Fig. 6 shows an elongation modulus measured from an Instron tensile tester at 100, 200, and 300% elongation. The Suprex filled compound showed a slightly higher elongation modulus than calcite filled compound. Addition of silanes (amino, vinyl, S2, S2/W/E, and ZS) to Suprex increased the elongation modulus. Among them amino, S2, S2/W/E, and ZS added compounds showed a significant increase in elongation modulus; however, vinyl silane added compounds showed a slight increase in elongation modulus.

Fig. 7 shows a die C tear tension measured from an Instron tensile tester. The Suprex filled compound showed a higher tear tension (N/mm) than the calcite filled compound. Addition of silanes (vinyl, S2, and ZS) to the Suprex increased the elongation modulus; however, amino- and S2/W/E silane

added compounds showed a decrease in tear tension.

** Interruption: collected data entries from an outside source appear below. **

(* Let $R$ be a ring. Then $R$ is strongly weakly nil-clean if, and only if, $R$ is both WUU and GWNC.
   Context: All rings are associative with identity. For a ring $S$, $U(S)$, ${\rm Nil}(S)$, ${\rm Id}(S)$ denote units, nilpotents, idempotents. $S$ is GWNC if every $a\in S\setminus U(S)$ can be written as $a=q+e$ or $a=q-e$ with $q\in{\rm Nil}(S)$, $e\in{\rm Id}(S)$. An element $a$ is strongly nil-clean if $a=e+b$ with $e$ idempotent, $b$ nilpotent and $eb=be$. $R$ is strongly weakly nil-clean if for every $a\in R$, $a$ or $-a$ is strongly nil-clean. $R$ is WUU if $U(R)={\rm Nil}(R)\pm 1$, i.e. every unit has the form $q+1$ or $q-1$ with $q$ nilpotent. *)

theory Defs
  imports Main
begin

definition units_of_ring :: "'a::ring_1 set" where
  "units_of_ring = {u. \<exists>v. u * v = 1 \<and> v * u = 1}"

definition nilpotents :: "'a::ring_1 set" where
  "nilpotents = {q. \<exists>n::nat. q ^ n = 0}"

definition idempotents :: "'a::ring_1 set" where
  "idempotents = {e. e * e = e}"

definition strongly_nil_clean_elem :: "'a::ring_1 \<Rightarrow> bool" where
  "strongly_nil_clean_elem a \<longleftrightarrow>
     (\<exists>e b. e \<in> idempotents \<and> b \<in> nilpotents \<and> a = e + b \<and> e * b = b * e)"

definition strongly_weakly_nil_clean :: "'a::ring_1 itself \<Rightarrow> bool" where
  "strongly_weakly_nil_clean _ \<longleftrightarrow>
     (\<forall>a::'a. strongly_nil_clean_elem a \<or> strongly_nil_clean_elem (- a))"

definition WUU :: "'a::ring_1 itself \<Rightarrow> bool" where
  "WUU _ \<longleftrightarrow>
     (units_of_ring :: 'a set) = {q + 1 | q. q \<in> nilpotents} \<union> {q - 1 | q. q \<in> nilpotents}"

definition GWNC :: "'a::ring_1 itself \<Rightarrow> bool" where
  "GWNC _ \<longleftrightarrow>
     (\<forall>a::'a. a \<notin> units_of_ring \<longrightarrow>
        (\<exists>q e. q \<in> nilpotents \<and> e \<in> idempotents \<and> (a = q + e \<or> a = q - e)))"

Fig. 8 shows fatigue to failure results. The Suprex filled compound showed a creep behavior, which resulted in zero count. Only ZS silane added compound showed a significant improvement in counts. Amino silane and S2/W/E compounds also showed a creep behavior. Vinyl silane and S2 added compounds did not show increased counts.

The results are summarized as follow; Processability was increased by addition of vinyl, S/S2/W/E and ZS silanes. In Mooney viscosity measurement, the ZS added compounds showed a lower viscosity than the Control (Suprex), while vinyl silane added one showed a slight increase in Mooney viscosity. Among them the ZS added compound showed the best overall. Elongation modulus was increased by the addition of silanes (amino, vinyl, S2, S2/W/E and ZS). In tear tension measurement, the amino and S2/W/E added compounds showed a lower tension than the Control, while vinyl, S2, and ZS silane added one showed an increased tear tension. Among them the vinyl silane, S2, and ZS added

compound showed the highest overall. Results are summarized in Table 3. Only the ZS and vinly silane added compounds showed both improvements in processability and mechanical properties.

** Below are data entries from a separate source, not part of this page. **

(* Let $\mathcal{D}\subset\mathbb{R}^d$ be bounded and convex with non-empty interior. Assume $\mathcal{C}\subset\Gamma\backslash G$ is compact and $\theta>\overline\rho(\mathcal{C},\mathcal{D}\times(0,1])$. Then \[F(M,t)\leq\theta^{d+1}\] for all $M$ with $\Gamma M\in\mathcal{C}D(\theta)^{-1}$ and all $t\in\mathcal{D}$.
   Context: Let $G=\operatorname{SL}(d+1,\mathbb{R})$ and $\Gamma=\operatorname{SL}(d+1,\mathbb{Z})$; vectors are row vectors and $\mathbb{Z}^{d+1}M$ is the lattice spanned by the rows of $M$. For $M\in G$, $t\in\mathcal{D}$: $F(M,t)=\min\{y>0\mid (x,y)\in\mathbb{Z}^{d+1}M,\ x+t\in\mathcal{D}\}$ ($x\in\mathbb{R}^d$, $y\in\mathbb{R}$), and $\infty$ if no minimum exists. For a bounded $\mathcal{A}\subset\mathbb{R}^{d+1}$ with non-empty interior, the covering radius is $\rho(M,\mathcal{A})=\inf\{\theta>0\mid \theta\mathcal{A}+\mathbb{Z}^{d+1}M=\mathbb{R}^{d+1}\}$, and for $\mathcal{C}\subset\Gamma\backslash G$, $\overline\rho(\mathcal{C},\mathcal{A})=\sup_{\Gamma M\in\mathcal{C}}\rho(M,\mathcal{A})$. For $\theta>0$, $D(\theta)=\operatorname{diag}(\theta,\ldots,\theta,\theta^{-d})\in G$ (with $d$ entries $\theta$), and $\mathcal{C}D(\theta)^{-1}=\{\Gamma MD(\theta)^{-1}\mid \Gamma M\in\mathcal{C}\}$. *)

theory Defs
  imports "HOL-Analysis.Analysis"
begin

text \<open>Dimension: the index type 'n has d = CARD('n) elements; R^(d+1) is
  real^('n + unit), the coordinate Inr () being the last coordinate y, the
  coordinates Inl i forming x in R^d.  Vectors are row vectors: v v* M.\<close>

type_synonym 'n mat1 = "real^('n + unit)^('n + unit)"

definition SLR :: "('n::finite) mat1 set" where
  "SLR = {M. det M = 1}"

definition SLZ :: "('n::finite) mat1 set" where
  "SLZ = {M. det M = 1 \<and> (\<forall>i j. M $ i $ j \<in> \<int>)}"

definition coset :: "('n::finite) mat1 \<Rightarrow> ('n mat1) set" where
  "coset M = {g ** M | g. g \<in> SLZ}"

definition quotSL :: "('n::finite) mat1 set set" where
  "quotSL = coset ` SLR"

definition quot_top :: "('n::finite) mat1 set topology" where
  "quot_top = topology (\<lambda>U. U \<subseteq> quotSL \<and>
       openin (top_of_set SLR) {M \<in> SLR. coset M \<in> U})"



lemma istopology_quot:
  "istopology (\<lambda>U. U \<subseteq> (quotSL::('n::finite) mat1 set set) \<and>
       openin (top_of_set SLR) {M \<in> SLR. coset M \<in> U})"
  unfolding istopology_def
proof (rule conjI; intro allI impI)
  fix S T :: "'n mat1 set set"
  assume a: "S \<subseteq> quotSL \<and> openin (top_of_set SLR) {M \<in> SLR. coset M \<in> S}"
     and b: "T \<subseteq> quotSL \<and> openin (top_of_set SLR) {M \<in> SLR. coset M \<in> T}"
  have e: "{M \<in> SLR. coset M \<in> S \<inter> T} = {M \<in> SLR. coset M \<in> S} \<inter> {M \<in> SLR. coset M \<in> T}" by auto
  show "S \<inter> T \<subseteq> quotSL \<and> openin (top_of_set SLR) {M \<in> SLR. coset M \<in> S \<inter> T}"
    using a b unfolding e by (simp add: le_infI1 openin_Int)
next
  fix K :: "'n mat1 set set set"
  assume "\<forall>S\<in>K. S \<subseteq> quotSL \<and> openin (top_of_set SLR) {M \<in> SLR. coset M \<in> S}"
  moreover have eq: "{M \<in> SLR. coset M \<in> \<Union>K} = (\<Union>S\<in>K. {M \<in> SLR. coset M \<in> S})" by auto
  ultimately have "openin (top_of_set SLR) (\<Union>S\<in>K. {M \<in> SLR. coset M \<in> S})"
    by (intro openin_Union) auto
  with \<open>\<forall>S\<in>K. _\<close> eq show "\<Union>K \<subseteq> quotSL \<and> openin (top_of_set SLR) {M \<in> SLR. coset M \<in> \<Union>K}"
    by auto
qed

definition lattice :: "('n::finite) mat1 \<Rightarrow> (real^('n + unit)) set" where
  "lattice M = {v v* M | v. \<forall>i. v $ i \<in> \<int>}"

definition xpart :: "real^('n::finite + unit) \<Rightarrow> real^'n" where
  "xpart v = (\<chi> i. v $ Inl i)"

definition ypart :: "real^('n::finite + unit) \<Rightarrow> real" where
  "ypart v = v $ Inr ()"

definition Fset :: "('n::finite) mat1 \<Rightarrow> (real^'n) set \<Rightarrow> real^'n \<Rightarrow> real set" where
  "Fset M D t = {y. y > 0 \<and> (\<exists>v \<in> lattice M. ypart v = y \<and> xpart v + t \<in> D)}"

definition Ffun :: "('n::finite) mat1 \<Rightarrow> (real^'n) set \<Rightarrow> real^'n \<Rightarrow> ereal" where
  "Ffun M D t = (if \<exists>y \<in> Fset M D t. \<forall>z \<in> Fset M D t. y \<le> z
                 then ereal (Inf (Fset M D t)) else \<infinity>)"

definition covrad :: "('n::finite) mat1 \<Rightarrow> (real^('n + unit)) set \<Rightarrow> real" where
  "covrad M A = Inf {\<theta>. \<theta> > 0 \<and> {a + l | a l. a \<in> (\<lambda>x. \<theta> *\<^sub>R x) ` A \<and> l \<in> lattice M} = UNIV}"

definition covrad_sup :: "('n::finite) mat1 set set \<Rightarrow> (real^('n + unit)) set \<Rightarrow> ereal" where
  "covrad_sup C A = (SUP c \<in> C. SUP M \<in> c. ereal (covrad M A))"

definition Dmat :: "real \<Rightarrow> ('n::finite) mat1" where
  "Dmat \<theta> = (\<chi> i j. if i = j then (case i of Inl _ \<Rightarrow> \<theta> | Inr _ \<Rightarrow> \<theta> powr (- real CARD('n))) else 0)"

definition cyl :: "(real^'n) set \<Rightarrow> (real^('n::finite + unit)) set" where
  "cyl D = {v. xpart v \<in> D \<and> 0 < ypart v \<and> ypart v \<le> 1}"

end

theory Submission
  imports Defs
begin

text \<open>If \<open>\<Gamma>M = \<Gamma>N D(\<theta>)\<^sup>-\<^sup>1\<close> with \<open>\<rho>(N, D \<times> (0,1]) < \<theta>\<close>, then, the cylinder being convex,
  its \<open>\<theta>\<close>-dilate covers \<open>\<real>\<^sup>d\<^sup>+\<^sup>1\<close> modulo the lattice of \<open>N\<close>; applied to the point \<open>(\<theta>t, 0)\<close>
  this gives a lattice vector of \<open>N\<close> in \<open>\<theta>(D \<times> (0,1]) - (\<theta>t, 0)\<close>. Right multiplication by
  \<open>D(\<theta>)\<^sup>-\<^sup>1\<close> scales \<open>x\<close> by \<open>\<theta>\<^sup>-\<^sup>1\<close> and \<open>y\<close> by \<open>\<theta>\<^sup>d\<close>, producing a vector \<open>(x, y)\<close> of the lattice
  of \<open>M\<close> with \<open>x + t \<in> D\<close> and \<open>0 < y \<le> \<theta>\<^sup>d\<^sup>+\<^sup>1\<close>. Since a lattice meets bounded sets in finitely
  many points, the infimum defining \<open>F(M,t)\<close> is attained and at most \<open>\<theta>\<^sup>d\<^sup>+\<^sup>1\<close>.\<close>

lemma finite_integer_vectors_bounded:
  fixes S :: "(real^'a::finite) set"
  assumes "bounded S"
  shows "finite {u \<in> S. \<forall>i. u$i \<in> \<int>}"
proof -
  obtain R where R: "\<And>u. u \<in> S \<Longrightarrow> norm u \<le> R" using assms bounded_iff by blast
  define Z where "Z = (of_int :: int \<Rightarrow> real) ` {-\<lceil>R\<rceil>..\<lceil>R\<rceil>}"
  have "{u \<in> S. \<forall>i. u$i \<in> \<int>} \<subseteq> vec_lambda ` (PiE UNIV (\<lambda>_. Z))"
  proof
    fix u assume u: "u \<in> {u \<in> S. \<forall>i. u$i \<in> \<int>}"
    have "u$i \<in> Z" for i
    proof -
      obtain k where k: "u$i = of_int k" using u by (auto elim: Ints_cases)
      have "\<bar>u$i\<bar> \<le> R" using u R component_le_norm_cart order_trans by blast
      hence "k \<in> {-\<lceil>R\<rceil>..\<lceil>R\<rceil>}" unfolding k by (auto simp: abs_le_iff) linarith+
      thus "u$i \<in> Z" unfolding Z_def k by blast
    qed
    hence "vec_nth u \<in> PiE UNIV (\<lambda>_. Z)" by (simp add: PiE_UNIV_domain)
    thus "u \<in> vec_lambda ` (PiE UNIV (\<lambda>_. Z))" by (metis image_eqI vec_nth_inverse)
  qed
  moreover have "finite (vec_lambda ` (PiE UNIV (\<lambda>_. Z)))"
    unfolding Z_def by (intro finite_imageI finite_PiE) auto
  ultimately show ?thesis by (rule finite_subset)
qed

lemma matrix_inv_mult:
  assumes "invertible (M::real^'a::finite^'a)"
  shows "M ** matrix_inv M = mat 1" "matrix_inv M ** M = mat 1"
  using someI_ex[OF assms[unfolded invertible_def]] unfolding matrix_inv_def by auto

lemma matrix_inv_eqI:
  fixes A B :: "real^'a::finite^'a"
  assumes "A ** B = mat 1" "B ** A = mat 1"
  shows "matrix_inv A = B"
proof -
  have "invertible A" using assms unfolding invertible_def by blast
  then have "matrix_inv A = (matrix_inv A ** A) ** B"
    by (metis assms(1) matrix_mul_assoc matrix_mul_rid matrix_inv_mult(1))
  then show ?thesis using matrix_inv_mult(2)[OF \<open>invertible A\<close>] by simp
qed

lemma lattice_Int_bounded_finite:
  fixes M :: "('n::finite) mat1"
  assumes "invertible M" and "bounded S"
  shows "finite (lattice M \<inter> S)"
proof -
  let ?coord = "\<lambda>w. w v* matrix_inv M"
  have "lattice M \<inter> S \<subseteq> (\<lambda>u. u v* M) ` {u \<in> ?coord ` S. \<forall>i. u$i \<in> \<int>}"
  proof
    fix w assume "w \<in> lattice M \<inter> S"
    then obtain u where "w = u v* M" "\<forall>i. u$i \<in> \<int>" "w \<in> S" unfolding lattice_def by auto
    moreover have "u = ?coord w"
      using \<open>w = u v* M\<close> by (simp add: vector_matrix_mul_assoc matrix_inv_mult(1)[OF assms(1)])
    ultimately show "w \<in> (\<lambda>u. u v* M) ` {u \<in> ?coord ` S. \<forall>i. u$i \<in> \<int>}" by blast
  qed
  moreover have "bounded (?coord ` S)"
    using bounded_linear_image[OF assms(2) matrix_vector_mul_bounded_linear[of "transpose (matrix_inv M)"]]
    by (simp add: o_def)
  ultimately show ?thesis
    by (blast intro: finite_subset finite_imageI finite_integer_vectors_bounded)
qed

The researches on natural rubber based compounds have been widely studied[15-20]; however, there have been few researches on CIIR matrix system[12]. Furthermore the effects of zinc ion surfactant have almost exclusively done by authors[19,20].

The zinc ion containing compound (ZS) showed both a better processability and mechanical properties compared to the S2 ones at low concentration. Alkyl group attached on a zinc ion played as a processing promoter between polymer chains and zinc ion acted as a reaction promoter between

sulfur in TESPD and double bonds in polymer chain. The zinc ion in ZS effectively helped a formation of a strong 3-dimensional network structure between hard clay and CIIR via expansion and contraction mechanism[20]. The zinc ion present in the ZS helped a covalent bonding formation between sulfur in TESPD and double bond in CIIR. This gives a strong three-dimensional network structure of the TESPD treated hard clay filled CIIR compound. The crosslinking mechanism with rubber matrix was result of sulfur ring opening mechanism via bi-pyramidal model. Kim[20] suggested a new mechanism to explain sulfur containing silane reaction with double bond in polymer chain with help of zinc ion. Examples for zinc ion effect on sulfur ring opening reaction and cross-linking formation are given in Fig. 9 and 10, respectively[20].

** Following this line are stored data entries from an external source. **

(* Let $n \ge 1$, $F = \{\mathrm{AND}, \mathrm{OR}\}$, $L = \{x_1, \ldots, x_n\}$ and $\ell \ge n$. The expected runtime $E[T]$ of RLS-GP (with HVL-Prime with subtree deletion as mutation operator, tree size limit $\ell$, and the complete truth table as fitness) on the target $\mathrm{AND}_n$, and likewise on the target $\mathrm{OR}_n$, is $\Omega(n \log n)$.
   Context: Programs are finite rooted binary trees (the empty tree is allowed) whose internal nodes are labelled by binary Boolean functions from $F$ and whose leaves are labelled by literals from $L$; a program computes a Boolean function of $(x_1,\dots,x_n)$ in the obvious way. $\mathrm{AND}_n(x) = x_1 \wedge \dots \wedge x_n$ and $\mathrm{OR}_n(x) = x_1 \vee \dots \vee x_n$. The fitness (to be minimised) of a program $X$ for target $h$ is $f(X) = |\{x \in \{0,1\}^n : X(x) \ne h(x)\}|$. LeafCount$(X)$ is the number of leaves of $X$. HVL-Prime with subtree deletion, applied to a tree $X$: choose $op \in \{\mathrm{INS}, \mathrm{DEL}, \mathrm{SUB}\}$, a literal $l \in L$ and a function $g \in F$, independently and uniformly at random. If $X$ is empty, the result is the tree consisting of the single leaf $l$. Otherwise: if $op = \mathrm{INS}$, choose a node $x$ of $X$ uniformly at random and replace it by a new node labelled $g$ whose two children are the subtree rooted at $x$ and a new leaf $l$, in uniformly random order; if $op = \mathrm{DEL}$, choose a node $x$ of $X$ (leaf or internal) uniformly at random and replace the parent of $x$ by the sibling of $x$ (removing the subtree rooted at $x$ together with its parent); if $op = \mathrm{SUB}$, choose a leaf of $X$ uniformly at random and replace it by $l$. RLS-GP with tree size limit $\ell$: start with the empty tree $X$; in each iteration $t = 1, 2, \ldots$ let $X' := $ HVL-Prime$(X)$, and if LeafCount$(X') \le \ell$ and $f(X') \le f(X)$ then set $X := X'$. The runtime $T$ is the number of iterations until the current tree computes exactly the target function (fitness $0$). Asymptotics are as $n \to \infty$. *)

theory Defs
  imports "HOL-Probability.Probability"
begin

datatype gate = AND | OR

text \<open>Non-empty trees; leaf \<open>Leaf i\<close> is the literal x_(i+1), i < n.
  A program is a \<open>tree option\<close>; \<open>None\<close> is the empty tree.\<close>
datatype tree = Leaf nat | Node gate tree tree

type_synonym prog = "tree option"

fun eval_gate :: "gate \<Rightarrow> bool \<Rightarrow> bool \<Rightarrow> bool" where
  "eval_gate AND a b = (a \<and> b)"
| "eval_gate OR a b = (a \<or> b)"

fun eval_tree :: "tree \<Rightarrow> bool list \<Rightarrow> bool" where
  "eval_tree (Leaf i) x = x ! i"
| "eval_tree (Node g a b) x = eval_gate g (eval_tree a x) (eval_tree b x)"

text \<open>The empty program computes no value (it disagrees with the target everywhere).\<close>
definition eval_prog :: "prog \<Rightarrow> bool list \<Rightarrow> bool option" where
  "eval_prog X x = map_option (\<lambda>t. eval_tree t x) X"

definition inputs :: "nat \<Rightarrow> bool list set" where
  "inputs n = {x. length x = n}"

definition fitness :: "nat \<Rightarrow> (bool list \<Rightarrow> bool) \<Rightarrow> prog \<Rightarrow> nat" where
  "fitness n h X = card {x \<in> inputs n. eval_prog X x \<noteq> Some (h x)}"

Various silanes (amino, vinyl, S2, S2/W/E and ZS) were added into hard clay (Suprex)/CB/ CIIR compound and their processabilities and mechanical properties were compared. It is concluded as followed. The vinyl silane and the ZS added compound showed positive results for improving processabilities and mechanical properties. Comparing the ZS and the vinyl silane, the ZS added one showed better processabilities and mechanical properties at the same silane level 3 phr.